We thank all the discussants for their supportive comments and for their appreciation of our work. Therefore, we take the discussion as a good sign that the “philosophy” of monitoring will have more fans in the future. We believe that the discussions include contributions that are worth considering per se: improvements of existing methodologies; extensions to multi-parameter monitoring; a new \(\rho \)-function.

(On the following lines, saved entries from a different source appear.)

(* Under the RS-GBM model with two regimes $E=\{1,2\}$ and two futures with maturities $T_1<T_2$, assume $\tilde q_{12},\tilde q_{21}\ge 0$. Then for each $i\in\{1,2\}$ and $x\in\mathbb R$, the $2\times 2$ coefficient matrix $$\boldsymbol\Gamma(t,x,i)=e^x\begin{pmatrix}\sigma_ig^{(1)}_i(t)&\sigma_ig^{(2)}_i(t)\\ g^{(1)}_j(t)-g^{(1)}_i(t)& g^{(2)}_j(t)-g^{(2)}_i(t)\end{pmatrix},\quad j\ne i,$$ which has determinant $e^{2x}\sigma_i\big(g^{(1)}_i(t)g^{(2)}_j(t)-g^{(1)}_j(t)g^{(2)}_i(t)\big)$, is invertible for all $t\in[0,T_1]$ if and only if $\mu_1+\frac{\sigma_1^2}{2}\neq\mu_2+\frac{\sigma_2^2}{2}$. If instead $\mu_1+\frac{\sigma_1^2}{2}=\mu_2+\frac{\sigma_2^2}{2}$, then $g^{(m)}_1=g^{(m)}_2$ for each $m$, i.e. the futures prices coincide in both regimes.
   Context: RS-GBM model: $\xi$ is a two-state Markov chain with generator $\tilde{\mathbf Q}$ under $\mathbb Q$; $dX_t=\mu(\xi_t)dt+\sigma(\xi_t)dZ^{\mathbb Q}_t$ with $Z^{\mathbb Q}$ a $\mathbb Q$-Brownian motion independent of $\xi$, $\mu_k=\mu(k)$, $\sigma_k=\sigma(k)>0$. For maturity $T_m$, $g^{(m)}_k(t)=\mathbb E^{\mathbb Q}[\exp(\int_t^{T_m}(\mu(\xi_s)+\sigma^2(\xi_s)/2)ds)\mid\xi_t=k]$, so that the futures price is $F^{(m)}_k(t,x)=e^xg^{(m)}_k(t)$. *)

theory Defs
  imports "HOL-Analysis.Analysis"
begin

fun mpow :: "real^'n^'n \<Rightarrow> nat \<Rightarrow> real^'n^'n" where
  "mpow A 0 = mat 1"
| "mpow A (Suc n) = A ** mpow A n"

definition gen2 :: "real \<Rightarrow> real \<Rightarrow> real^2^2" where
  "gen2 q12 q21 = (\<chi> k l. if k = 1 then (if l = 1 then - q12 else q12)
                              else (if l = 1 then q21 else - q21))"

definition fkmat :: "real \<Rightarrow> real \<Rightarrow> (2 \<Rightarrow> real) \<Rightarrow> (2 \<Rightarrow> real) \<Rightarrow> real^2^2" where
  "fkmat q12 q21 mu sig =
     gen2 q12 q21 + (\<chi> k l. if k = l then mu k + (sig k)^2 / 2 else 0)"

text \<open>g^{(m)}_k(t) = E[exp(int_t^{Tm} (mu + sigma^2/2)(xi_s) ds) | xi_t = k],
  given by the Feynman-Kac formula for finite-state Markov chains as the
  k-th entry of exp((Tm - t)(Q + diag(mu + sigma^2/2))) applied to the ones vector.\<close>
definition gfun :: "real \<Rightarrow> real \<Rightarrow> (2 \<Rightarrow> real) \<Rightarrow> (2 \<Rightarrow> real) \<Rightarrow> real \<Rightarrow> 2 \<Rightarrow> real \<Rightarrow> real" where
  "gfun q12 q21 mu sig Tm k t =
     (\<Sum>n. (Tm - t)^n / fact n * ((mpow (fkmat q12 q21 mu sig) n *v (\<chi> l. 1)) $ k))"

definition other :: "2 \<Rightarrow> 2" where
  "other i = (if i = 1 then 2 else 1)"

definition Gamma :: "real \<Rightarrow> real \<Rightarrow> (2 \<Rightarrow> real) \<Rightarrow> (2 \<Rightarrow> real) \<Rightarrow> real \<Rightarrow> real
                     \<Rightarrow> real \<Rightarrow> real \<Rightarrow> 2 \<Rightarrow> real^2^2" where
  "Gamma q12 q21 mu sig T1 T2 t x i =
     (let g = (\<lambda>Tm k. gfun q12 q21 mu sig Tm k t); j = other i in
      exp x *\<^sub>R (\<chi> r c. if r = 1
                        then sig i * g (if c = 1 then T1 else T2) i
                        else g (if c = 1 then T1 else T2) j - g (if c = 1 then T1 else T2) i))"

end

theory Submission
  imports Defs
begin

text \<open>Write \<open>a\<^sub>k = \<mu>\<^sub>k + \<sigma>\<^sub>k\<^sup>2/2\<close> and \<open>M = Q + diag a\<close>, so that \<open>M 1 = a\<close>. Since
  \<open>q\<^sub>1\<^sub>2 q\<^sub>2\<^sub>1 \<ge> 0\<close>, \<open>M\<close> has real eigenvalues \<open>l\<^sub>1, l\<^sub>2\<close>, and by Cayley--Hamilton
  \<open>M\<^sup>n 1 = l\<^sub>2\<^sup>n 1 + d\<^sub>n (a - l\<^sub>2 1)\<close> with the divided differences \<open>d\<^sub>n = (l\<^sub>1\<^sup>n - l\<^sub>2\<^sup>n)/(l\<^sub>1 - l\<^sub>2)\<close>.
  Summing the exponential series, \<open>g\<^sub>k(t) = e\<^bsup>l\<^sub>2 s\<^esup> + \<beta>(s) (a\<^sub>k - l\<^sub>2)\<close> with \<open>s = T\<^sub>m - t\<close>
  and \<open>\<beta>(s) = (e\<^bsup>l\<^sub>1 s\<^esup> - e\<^bsup>l\<^sub>2 s\<^esup>)/(l\<^sub>1 - l\<^sub>2)\<close>. Hence \<open>g\<^sub>j - g\<^sub>i = \<beta> (a\<^sub>j - a\<^sub>i)\<close>, and the
  determinant of \<open>\<Gamma>\<close> is \<open>e\<^bsup>2x\<^esup> \<sigma>\<^sub>i (a\<^sub>j - a\<^sub>i) (e\<^bsup>l\<^sub>2 u\<^esup> \<beta>(v) - e\<^bsup>l\<^sub>2 v\<^esup> \<beta>(u))\<close> with
  \<open>u = T\<^sub>1 - t < v = T\<^sub>2 - t\<close>; the last factor is positive because
  \<open>e\<^bsup>-l\<^sub>2 s\<^esup> \<beta>(s) = \<integral>\<^sub>0\<^sup>s e\<^bsup>(l\<^sub>1 - l\<^sub>2) r\<^esup> dr\<close> is strictly increasing.\<close>

lemma sums_exp_real: "(\<lambda>n. x ^ n / fact n) sums exp (x::real)"
  using exp_converges[of x] by (simp add: divide_inverse_commute)

fun pow_divdiff :: "real \<Rightarrow> real \<Rightarrow> nat \<Rightarrow> real" where
  "pow_divdiff l1 l2 0 = 0"
| "pow_divdiff l1 l2 (Suc n) = l1 * pow_divdiff l1 l2 n + l2 ^ n"

lemma pow_divdiff_distinct:
  assumes "l1 \<noteq> l2"
  shows "pow_divdiff l1 l2 n = (l1 ^ n - l2 ^ n) / (l1 - l2)"
proof (induction n)
  case (Suc n)
  have "l1 * ((l1 ^ n - l2 ^ n) / (l1 - l2)) + l2 ^ n = (l1 ^ Suc n - l2 ^ Suc n) / (l1 - l2)"
    using assms by (simp add: field_simps)
  then show ?case
    by (simp add: Suc.IH)
qed simp

lemma pow_divdiff_same: "pow_divdiff l l n = real n * l ^ (n - 1)"
  by (induction n) (auto simp: algebra_simps power_eq_if)

definition exp_divdiff :: "real \<Rightarrow> real \<Rightarrow> real \<Rightarrow> real" where
  "exp_divdiff l1 l2 s =
     (if l1 = l2 then s * exp (l1 * s) else (exp (l1 * s) - exp (l2 * s)) / (l1 - l2))"

lemma sums_exp_divdiff: "(\<lambda>n. s ^ n / fact n * pow_divdiff l1 l2 n) sums exp_divdiff l1 l2 s"
proof (cases "l1 = l2")
  case True
  have shift: "s ^ Suc n / fact (Suc n) * pow_divdiff l1 l2 (Suc n) = s * ((l1 * s) ^ n / fact n)"
    for n
  proof -
    have "fact (Suc n) = real (Suc n) * fact n"
      by simp
    then show ?thesis
      using True by (simp add: pow_divdiff_same power_mult_distrib del: of_nat_Suc)
  qed
  have "(\<lambda>n. s * ((l1 * s) ^ n / fact n)) sums exp_divdiff l1 l2 s"
    using True sums_mult[OF sums_exp_real[of "l1 * s"], of s] by (simp add: exp_divdiff_def)
  then have "(\<lambda>n. s ^ Suc n / fact (Suc n) * pow_divdiff l1 l2 (Suc n)) sums exp_divdiff l1 l2 s"
    by (simp only: shift)
  then show ?thesis
    by (rule sums_Suc_imp[rotated]) simp
next
  case False
  let ?a = "\<lambda>n. ((l1 * s) ^ n / fact n - (l2 * s) ^ n / fact n) / (l1 - l2)"
  have "?a sums exp_divdiff l1 l2 s"
    using False unfolding exp_divdiff_def by (simp add: sums_divide sums_diff sums_exp_real)
  also have "?a = (\<lambda>n. s ^ n / fact n * pow_divdiff l1 l2 n)"
    using False by (simp add: fun_eq_iff pow_divdiff_distinct power_mult_distrib field_simps)
  finally show ?thesis .
qed

lemma exp_divdiff_cross_less:
  assumes "u < v"
  shows "exp (l2 * v) * exp_divdiff l1 l2 u < exp (l2 * u) * exp_divdiff l1 l2 v"
proof (cases "l1 = l2")
  case True
  then show ?thesis
    using assms by (simp add: exp_divdiff_def mult.left_commute)
next
  case False
  define X where "X = l2 * u + l1 * v"
  define Y where "Y = l1 * u + l2 * v"
  have XY: "X - Y = (l1 - l2) * (v - u)"
    by (simp add: X_def Y_def algebra_simps)
  have "0 < (exp X - exp Y) / (l1 - l2)"
  proof (cases "l2 < l1")
    case True
    then have "Y < X"
      using XY assms by (smt (verit) mult_pos_pos)
    then show ?thesis
      using True by (simp add: divide_pos_pos)
  next
    case False
    then have "l1 < l2"
      using \<open>l1 \<noteq> l2\<close> by simp
    then have "X < Y"
      using XY assms by (smt (verit) mult_neg_pos)
    then show ?thesis
      using \<open>l1 < l2\<close> by (simp add: divide_neg_neg)
  qed
  also have "(exp X - exp Y) / (l1 - l2)
      = (exp (l2 * u) * (exp (l1 * v) - exp (l2 * v)) - exp (l2 * v) * (exp (l1 * u) - exp (l2 * u)))
        / (l1 - l2)"
    by (simp add: X_def Y_def exp_add algebra_simps)
  also have "\<dots> = exp (l2 * u) * exp_divdiff l1 l2 v - exp (l2 * v) * exp_divdiff l1 l2 u"
    using False by (simp add: exp_divdiff_def diff_divide_distrib right_diff_distrib)
  finally show ?thesis
    by simp
qed

lemma real_eigenvalues_2:
  fixes M :: "real^2^2"
  assumes "0 \<le> M$1$2 * M$2$1"
  obtains l1 l2 where "l1 + l2 = trace M" and "l1 * l2 = det M"
proof -
  define r where "r = sqrt ((M$1$1 - M$2$2)\<^sup>2 + 4 * (M$1$2 * M$2$1))"
  have "r\<^sup>2 = (M$1$1 - M$2$2)\<^sup>2 + 4 * (M$1$2 * M$2$1)"
    unfolding r_def using assms by simp
  then have "(trace M + r) / 2 * ((trace M - r) / 2) = det M"
    by (simp add: trace_def det_2 sum_2 power2_eq_square field_simps)
  moreover have "(trace M + r) / 2 + (trace M - r) / 2 = trace M"
    by (simp add: field_simps)
  ultimately show thesis
    by (rule that[rotated])
qed

lemma cayley_hamilton_2:
  fixes M :: "real^2^2"
  assumes "l1 + l2 = trace M" and "l1 * l2 = det M"
  shows "M *v (M *v v - l2 *\<^sub>R v) = l1 *\<^sub>R (M *v v - l2 *\<^sub>R v)"
  using assms unfolding vec_eq_iff forall_2
  by (simp add: matrix_vector_mult_def sum_2 trace_def det_2) algebra

lemma mpow_mult_vector_2:
  fixes M :: "real^2^2"
  assumes "l1 + l2 = trace M" and "l1 * l2 = det M"
  shows "mpow M n *v v = l2 ^ n *\<^sub>R v + pow_divdiff l1 l2 n *\<^sub>R (M *v v - l2 *\<^sub>R v)"
proof (induction n)
  case (Suc n)
  have "mpow M (Suc n) *v v = M *v (mpow M n *v v)"
    by (simp add: matrix_vector_mul_assoc)
  also have "\<dots> = l2 ^ n *\<^sub>R (M *v v) + (pow_divdiff l1 l2 n * l1) *\<^sub>R (M *v v - l2 *\<^sub>R v)"
    using cayley_hamilton_2[OF assms, of v]
    by (simp add: Suc.IH matrix_vector_right_distrib matrix_vector_mult_scaleR)
  also have "\<dots> = l2 ^ Suc n *\<^sub>R v + pow_divdiff l1 l2 (Suc n) *\<^sub>R (M *v v - l2 *\<^sub>R v)"
    by (simp add: algebra_simps)
  finally show ?case .
qed simp

lemma sums_mpow_mult_vector_2:
  fixes M :: "real^2^2"
  assumes "l1 + l2 = trace M" and "l1 * l2 = det M"
  shows "(\<lambda>n. s ^ n / fact n * (mpow M n *v v) $ k)
           sums (exp (l2 * s) * v $ k + exp_divdiff l1 l2 s * (M *v v - l2 *\<^sub>R v) $ k)"
proof -
  let ?w = "M *v v - l2 *\<^sub>R v"
  have "(\<lambda>n. (l2 * s) ^ n / fact n * v $ k + s ^ n / fact n * pow_divdiff l1 l2 n * ?w $ k)
          sums (exp (l2 * s) * v $ k + exp_divdiff l1 l2 s * ?w $ k)"
    by (intro sums_add sums_mult2 sums_exp_real sums_exp_divdiff)
  then show ?thesis
    by (simp add: mpow_mult_vector_2[OF assms] power_mult_distrib diff_divide_distrib algebra_simps)
qed

definition growth_rate :: "(2 \<Rightarrow> real) \<Rightarrow> (2 \<Rightarrow> real) \<Rightarrow> 2 \<Rightarrow> real" where
  "growth_rate mu sig k = mu k + (sig k)\<^sup>2 / 2"

lemma fkmat_mult_ones: "fkmat q12 q21 mu sig *v (\<chi> l. 1) = (\<chi> k. growth_rate mu sig k)"
  by (simp add: vec_eq_iff forall_2 matrix_vector_mult_def sum_2 fkmat_def gen2_def growth_rate_def)

lemma gfun_spectral_form:
  assumes "0 \<le> q12" and "0 \<le> q21"
  obtains l1 l2 where "\<And>Tm k t. gfun q12 q21 mu sig Tm k t
    = exp (l2 * (Tm - t)) + exp_divdiff l1 l2 (Tm - t) * (growth_rate mu sig k - l2)"
proof -
  let ?M = "fkmat q12 q21 mu sig"
  have "0 \<le> ?M$1$2 * ?M$2$1"
    using assms by (simp add: fkmat_def gen2_def)
  then obtain l1 l2 where eig: "l1 + l2 = trace ?M" "l1 * l2 = det ?M"
    by (rule real_eigenvalues_2)
  have "gfun q12 q21 mu sig Tm k t
      = exp (l2 * (Tm - t)) + exp_divdiff l1 l2 (Tm - t) * (growth_rate mu sig k - l2)" for Tm k t
    unfolding gfun_def
    using sums_mpow_mult_vector_2[OF eig, of "Tm - t" "\<chi> l. 1" k]
    by (simp add: fkmat_mult_ones sums_unique[symmetric])
  then show thesis
    by (rule that)
qed

lemma gfun_eq_if_growth_rate_eq:
  assumes "0 \<le> q12" and "0 \<le> q21" and "growth_rate mu sig i = growth_rate mu sig j"
  shows "gfun q12 q21 mu sig Tm i t = gfun q12 q21 mu sig Tm j t"
proof -
  obtain l1 l2 where g: "\<And>Tm k t. gfun q12 q21 mu sig Tm k t
    = exp (l2 * (Tm - t)) + exp_divdiff l1 l2 (Tm - t) * (growth_rate mu sig k - l2)"
    using gfun_spectral_form[where mu = mu and sig = sig, OF assms(1,2)] by metis
  show ?thesis
    unfolding g assms(3) ..
qed

lemma gfun_cross_eq_0_iff:
  assumes "0 \<le> q12" and "0 \<le> q21" and "T < T'"
  shows "gfun q12 q21 mu sig T i t * gfun q12 q21 mu sig T' j t
           - gfun q12 q21 mu sig T j t * gfun q12 q21 mu sig T' i t = 0
         \<longleftrightarrow> growth_rate mu sig i = growth_rate mu sig j"
proof -
  obtain l1 l2 where g: "\<And>Tm k t. gfun q12 q21 mu sig Tm k t
    = exp (l2 * (Tm - t)) + exp_divdiff l1 l2 (Tm - t) * (growth_rate mu sig k - l2)"
    using gfun_spectral_form[where mu = mu and sig = sig, OF assms(1,2)] by metis
  define u v where "u = T - t" and "v = T' - t"
  have "exp (l2 * v) * exp_divdiff l1 l2 u < exp (l2 * u) * exp_divdiff l1 l2 v"
    using assms(3) by (intro exp_divdiff_cross_less) (simp add: u_def v_def)
  moreover have "gfun q12 q21 mu sig T i t * gfun q12 q21 mu sig T' j t
           - gfun q12 q21 mu sig T j t * gfun q12 q21 mu sig T' i t
      = (growth_rate mu sig j - growth_rate mu sig i)
        * (exp (l2 * u) * exp_divdiff l1 l2 v - exp (l2 * v) * exp_divdiff l1 l2 u)"
    by (simp add: g u_def v_def algebra_simps)
  ultimately show ?thesis
    by auto
qed

lemma det_Gamma:
  fixes mu sig :: "2 \<Rightarrow> real" and i :: 2
  shows "det (Gamma q12 q21 mu sig T1 T2 t x i) = (exp x)\<^sup>2 * sig i *
     (gfun q12 q21 mu sig T1 i t * gfun q12 q21 mu sig T2 (other i) t
      - gfun q12 q21 mu sig T1 (other i) t * gfun q12 q21 mu sig T2 i t)"
  by (simp add: Gamma_def det_2 power2_eq_square algebra_simps)

lemma invertible_Gamma_iff:
  fixes mu sig :: "2 \<Rightarrow> real" and i :: 2
  assumes "0 \<le> q12" and "0 \<le> q21" and "sig i \<noteq> 0" and "T1 < T2"
  shows "invertible (Gamma q12 q21 mu sig T1 T2 t x i)
         \<longleftrightarrow> growth_rate mu sig 1 \<noteq> growth_rate mu sig 2"
proof -
  have "growth_rate mu sig i = growth_rate mu sig (other i)
        \<longleftrightarrow> growth_rate mu sig 1 = growth_rate mu sig 2"
    using exhaust_2[of i] by (auto simp: other_def)
  then show ?thesis
    using gfun_cross_eq_0_iff[OF assms(1,2,4), where i = i and j = "other i"] assms(3)
    by (simp add: invertible_det_nz det_Gamma)
qed

theorem mainTheorem7:
  fixes q12 q21 T1 T2 :: real and mu sig :: "2 \<Rightarrow> real"
  assumes "q12 \<ge> 0" and "q21 \<ge> 0"
    and "\<And>k. sig k > 0"
    and "0 < T1" and "T1 < T2"
  shows "(\<forall>i::2. \<forall>x::real.
            (\<forall>t\<in>{0..T1}. invertible (Gamma q12 q21 mu sig T1 T2 t x i))
            \<longleftrightarrow> mu 1 + (sig 1)^2 / 2 \<noteq> mu 2 + (sig 2)^2 / 2)
       \<and> (mu 1 + (sig 1)^2 / 2 = mu 2 + (sig 2)^2 / 2 \<longrightarrow>
            (\<forall>Tm\<in>{T1, T2}. \<forall>t\<in>{0..Tm}.
               gfun q12 q21 mu sig Tm 1 t = gfun q12 q21 mu sig Tm 2 t))"
proof -
  have "invertible (Gamma q12 q21 mu sig T1 T2 t x i)
        \<longleftrightarrow> growth_rate mu sig 1 \<noteq> growth_rate mu sig 2" for t x i
    using assms(3)[of i] by (intro invertible_Gamma_iff assms(1,2,5)) simp
  moreover have "gfun q12 q21 mu sig Tm 1 t = gfun q12 q21 mu sig Tm 2 t"
    if "growth_rate mu sig 1 = growth_rate mu sig 2" for Tm t
    using that by (intro gfun_eq_if_growth_rate_eq assms(1,2))
  ultimately show ?thesis
    using assms(4) by (auto simp: growth_rate_def)
qed

end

Writing this rejoinder is pleasant and difficult at the same time. It is pleasant because there has been general appreciation (and even enthusiasm) for the power of monitoring. It is difficult because there is very little about which to argue with the discussants: we agree with (and welcome) almost everything that has been suggested. Since there is so much support for our approach, we have kept our comments short; the discussions stand well as individual contributions. It is, at the time of writing, 65 years since Box (1953) brought the concept of robustness into the statistical literature. Although our modern approaches might not fall into his original robustness framework, it is exciting that there are so many new problems to be tackled and such enthusiasm for solving them.

We thank Agostinelli and Greco for the statement “Their monitoring approach may really give a new impulse to the use of robust methods in data analysis”. We do hope that they are good forecasters! We cannot help but recall the “false dawn” of robust statistics around the time of the Princeton Robustness Study (Andrews et al. 1972) that we discussed in the introduction to Cerioli et al. (2016). However, the results reported in this and other contributions to the discussion make us optimistic since monitoring releases data analysts from many tricky, and possibly arbitrary, decisions when contemplating a robust analysis.

We appreciate the extension of the idea of monitoring to the interesting domain of multivariate weighted likelihood estimation (Agostinelli and Greco 2018) for two main reasons. First, this extension reinforces the idea that monitoring is a general principle that can be applied to the specific methodology of interest as well as to the technique which is most suitable in a given application area (a general theme of all the discussions). Second, through monitoring, Agostinelli and Greco are able both to provide deeper insights into the properties of the weighted likelihood methodology and to improve their final estimates. The power of monitoring is demonstrated by the closeness of their results of our four examples to those we found using the FS and MCD.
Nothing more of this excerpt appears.